Covid Shots Slow in Some States, Opening Way for Policy Shifts

The pace of Covid-19 vaccinations appears to be slowing in some corners of the U.S., possibly signaling that more states may follow Alaska in dramatically expanding access.

Alaska, an outperformer in the inoculation race, on Tuesday said it would become the first state to open up shots to everyone over age 16. It’s not the only jurisdiction that has seen the pace of shots administered sputter recently. Others include Arkansas, Tennessee and Mississippi, according to the Bloomberg Vaccine Tracker.

The dropoffs come amid record allocations to states, suggesting that the change is probably on the demand and distribution side, rather than supply-related.

Covid Shots Slow in Some States, Opening Way for Policy Shifts

In Florida and Texas, leaders have recently announced moves to expand eligibility by five years to 60-and-up, with Florida Governor Ron DeSantis citing softening demand.

At least 56% of Americans 65 and older have gotten at least one dose of a Covid-19 vaccine, according to U.S. Centers for Disease Control and Prevention data. The numbers are probably even higher, since age was unavailable for 8% of people.

Demand is generally less among younger groups, and varies widely by geography. In New Jersey, for instance, some 85% of people want a shot or already had one, compared with about 57% in Tennessee, according to a Massachusetts Institute of Technology Covid-19 survey last month.

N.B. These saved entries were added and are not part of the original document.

(* Let $(a_m)_{m\ge1}$ be defined by $a_1=2$ and $a_{m+1}=a_m+1/a_m$, so that $[-a_m,a_m]$ is the support of the $m$-fold monotone convolution of the standard semicircle law. Then for every $m\ge3$ $$\sqrt{m+\sqrt{m(m+1)}}\;\le\; a_m\;\le\;\sqrt{2m+\sqrt{2m}}.$$
   Context: The standard semicircle law is $\frac1{2\pi}\sqrt{4-x^2}\mathbf 1_{[-2,2]}dx$; monotone convolution $\mu\rhd\nu$ is the probability measure $\rho$ with $H_\rho=H_\mu\circ H_\nu$ where $H_\mu=1/\mathcal G_\mu$ and $\mathcal G_\mu(z)=\int\frac{\mu(dx)}{z-x}$. *)

theory Defs
  imports Complex_Main
begin

text \<open>The sequence a_m (m \<ge> 1): a_1 = 2, a_(m+1) = a_m + 1/a_m.
  The value at index 0 is an unused placeholder.\<close>
fun a_seq :: "nat \<Rightarrow> real" where
  "a_seq 0 = 0"
| "a_seq (Suc 0) = 2"
| "a_seq (Suc (Suc n)) = a_seq (Suc n) + 1 / a_seq (Suc n)"

end

theory Submission imports Defs begin

text \<open>The squares \<open>b\<^sub>m = a\<^sub>m\<^sup>2\<close> satisfy \<open>b\<^sub>m\<^sub>+\<^sub>1 = b\<^sub>m + 2 + 1/b\<^sub>m\<close>, and \<open>b \<mapsto> b + 2 + 1/b\<close> is
  increasing on \<open>[1,\<infinity>)\<close>. Hence it suffices to check that the lower envelope \<open>m + \<surd>(m(m+1))\<close>
  and the upper envelope \<open>2m + \<surd>(2m)\<close> are mapped below, respectively above, their values at
  \<open>m + 1\<close>; both are elementary square-root estimates, and the induction starts at
  \<open>a\<^sub>3 = 29/10\<close>.\<close>

lemma a_seq_Suc_eq: "n \<ge> 1 \<Longrightarrow> a_seq (Suc n) = a_seq n + 1 / a_seq n"
  by (cases n) auto

lemma a_seq_ge_two: "n \<ge> 1 \<Longrightarrow> a_seq n \<ge> 2"
proof (induction n rule: nat_induct_at_least)
  case base
  then show ?case by simp
next
  case (Suc n)
  then have "1 / a_seq n \<ge> 0" by simp
  with Suc show ?case unfolding a_seq_Suc_eq[OF Suc.hyps] by linarith
qed

lemma a_seq_Suc_squared:
  assumes "n \<ge> 1"
  shows "(a_seq (Suc n))\<^sup>2 = (a_seq n)\<^sup>2 + 2 + 1 / (a_seq n)\<^sup>2"
proof -
  have "a_seq n \<noteq> 0" using a_seq_ge_two[OF assms] by simp
  then show ?thesis using a_seq_Suc_eq[OF assms] by (simp add: power2_eq_square field_simps)
qed

lemma add_inverse_mono:
  fixes b c :: real
  assumes "1 \<le> b" "b \<le> c"
  shows "b + 1 / b \<le> c + 1 / c"
proof -
  have "c + 1 / c - (b + 1 / b) = (c - b) * (1 - 1 / (c * b))"
    using assms by (simp add: field_simps)
  moreover have "1 \<le> c * b" using assms mult_mono[of 1 c 1 b] by simp
  then have "(c - b) * (1 - 1 / (c * b)) \<ge> 0" using assms by simp
  ultimately show ?thesis by linarith
qed

lemma add_inverse_le_sqrt_square_add_two:
  fixes x :: real
  assumes "x \<ge> 1"
  shows "x + 1 / (x\<^sup>2 + x) \<le> sqrt (x\<^sup>2 + 2)"
proof (rule real_le_rsqrt)
  have "x\<^sup>2 + x = x * (x + 1)" "x \<noteq> 0" "x + 1 \<noteq> 0"
    using assms by (auto simp: power2_eq_square algebra_simps)
  then have "2 * x * (1 / (x\<^sup>2 + x)) = 2 / (x + 1)" by simp
  then have "(x + 1 / (x\<^sup>2 + x))\<^sup>2 = x\<^sup>2 + 2 / (x + 1) + (1 / (x\<^sup>2 + x))\<^sup>2"
    by (simp add: power2_sum)
  moreover have "2 / (x + 1) \<le> 1" using assms by simp
  moreover have "x\<^sup>2 + x \<ge> 1" using assms by (simp add: add_increasing)
  then have "(1 / (x\<^sup>2 + x))\<^sup>2 \<le> 1" by (intro power_le_one) auto
  ultimately show "(x + 1 / (x\<^sup>2 + x))\<^sup>2 \<le> x\<^sup>2 + 2" by linarith
qed

lemma upper_envelope_step:
  fixes r :: real
  assumes "r \<ge> 1/2"
  shows "(2 * r + sqrt (2 * r)) + 2 + 1 / (2 * r + sqrt (2 * r))
    \<le> 2 * (r + 1) + sqrt (2 * (r + 1))"
proof -
  define x where "x = sqrt (2 * r)"
  have "x \<ge> 1" "x\<^sup>2 = 2 * r" using assms by (auto simp: x_def)
  with add_inverse_le_sqrt_square_add_two[of x] show ?thesis
    unfolding x_def[symmetric] by (simp add: algebra_simps)
qed

lemma lower_envelope_step:
  fixes r :: real
  assumes "r > 0"
  shows "(r + 1) + sqrt ((r + 1) * (r + 2))
    \<le> (r + sqrt (r * (r + 1))) + 2 + 1 / (r + sqrt (r * (r + 1)))"
proof -
  define s where "s = sqrt (r * (r + 1))"
  have s: "s \<ge> 0" "s\<^sup>2 = r * (r + 1)" using assms by (auto simp: s_def)
  have rs: "r + s > 0" using assms s by simp
  \<comment> \<open>\<open>(r + 1/2)\<^sup>2 - s\<^sup>2 = 1/4\<close> makes the defect \<open>r + 1/2 - s\<close> at most \<open>1/(4(r + s))\<close>.\<close>
  have "(r + 1/2 - s) * (r + 1/2 + s) = 1/4"
    using s by (simp add: algebra_simps power2_eq_square)
  then have "r + 1/2 - s = 1 / (4 * (r + 1/2 + s))"
    using rs by (simp add: field_simps)
  also have "\<dots> \<le> 1 / (4 * (r + s))" using rs by (simp add: frac_le)
  also have "\<dots> \<le> (s + 1) / (r + s)" using rs s by (simp add: frac_le)
  finally have defect: "r + 1/2 - s \<le> (s + 1) / (r + s)" .
  have "(s + 1 + 1 / (r + s))\<^sup>2 = (s + 1)\<^sup>2 + (1 / (r + s))\<^sup>2 + 2 * (s + 1) * (1 / (r + s))"
    by (rule power2_sum)
  also have "\<dots> = s\<^sup>2 + 2 * s + 1 + 2 * ((s + 1) / (r + s)) + (1 / (r + s))\<^sup>2"
    by (simp add: power2_sum)
  moreover have "(r + 1) * (r + 2) = s\<^sup>2 + 2 * r + 2" using s(2) by (simp add: algebra_simps)
  ultimately have "(r + 1) * (r + 2) \<le> (s + 1 + 1 / (r + s))\<^sup>2"
    using defect zero_le_power2[of "1 / (r + s)"] by linarith
  then have "sqrt ((r + 1) * (r + 2)) \<le> s + 1 + 1 / (r + s)"
    using rs s by (intro real_le_lsqrt) auto
  then show ?thesis by (simp add: s_def[symmetric])
qed

lemma a_seq_squared_bounds:
  "m \<ge> 3 \<Longrightarrow> real m + sqrt (real m * (real m + 1)) \<le> (a_seq m)\<^sup>2
    \<and> (a_seq m)\<^sup>2 \<le> 2 * real m + sqrt (2 * real m)"
proof (induction m rule: nat_induct_at_least)
  case base
  have a3: "a_seq 3 = 29/10" by (simp add: numeral_3_eq_3)
  have "sqrt 12 \<le> 4" by (rule real_le_lsqrt) simp_all
  moreover have "2.41 \<le> sqrt (6::real)" by (rule real_le_rsqrt) (simp add: power2_eq_square)
  ultimately show ?case unfolding a3 by (simp add: power2_eq_square)
next
  case (Suc n)
  define f :: "real \<Rightarrow> real" where "f b = b + 2 + 1 / b" for b
  have f_mono: "f b \<le> f c" if "1 \<le> b" "b \<le> c" for b c
    using add_inverse_mono[OF that] by (simp add: f_def)
  have n: "real n \<ge> 1" using Suc by simp
  have step: "(a_seq (Suc n))\<^sup>2 = f ((a_seq n)\<^sup>2)"
    using a_seq_Suc_squared Suc by (simp add: f_def)
  have "real (Suc n) + sqrt (real (Suc n) * (real (Suc n) + 1))
      \<le> f (real n + sqrt (real n * (real n + 1)))"
    using lower_envelope_step[of "real n"] n by (simp add: f_def add_ac)
  also have "\<dots> \<le> (a_seq (Suc n))\<^sup>2"
    unfolding step using Suc n by (intro f_mono) (auto intro: add_increasing2)
  finally have lower:
    "real (Suc n) + sqrt (real (Suc n) * (real (Suc n) + 1)) \<le> (a_seq (Suc n))\<^sup>2" .
  have "(a_seq (Suc n))\<^sup>2 \<le> f (2 * real n + sqrt (2 * real n))"
    unfolding step using Suc n a_seq_ge_two[of n] power_mono[of 1 "a_seq n" 2]
    by (intro f_mono) auto
  also have "\<dots> \<le> 2 * real (Suc n) + sqrt (2 * real (Suc n))"
    using upper_envelope_step[of "real n"] n by (simp add: f_def add_ac)
  finally show ?case using lower by simp
qed

theorem theorem3p10:
  fixes m :: nat
  assumes "m \<ge> 3"
  shows "sqrt (real m + sqrt (real m * (real m + 1))) \<le> a_seq m
       \<and> a_seq m \<le> sqrt (2 * real m + sqrt (2 * real m))"
proof -
  have "a_seq m \<ge> 0" using a_seq_ge_two[of m] assms by simp
  moreover note a_seq_squared_bounds[OF assms]
  ultimately show ?thesis by (auto intro: real_le_rsqrt real_le_lsqrt)
qed

end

Authorities are eager to promote inoculations to prevent faster-spreading variants from creating another surge of cases. The key to limiting death and severe illness will be in continuing to vaccinate seniors, who account for about 4 in 5 Covid-19 fatalities overall.

  • The U.S. has given at least one dose of a vaccine to 18.4% of its population, according to the Bloomberg Vaccine Tracker.
  • The U.S. posted 50,184 Covid-19 cases on Tuesday, bringing the seven-day average down to 57,125, the lowest since Oct. 18, according to Johns Hopkins University data.
  • There have been nearly 528,000 deaths.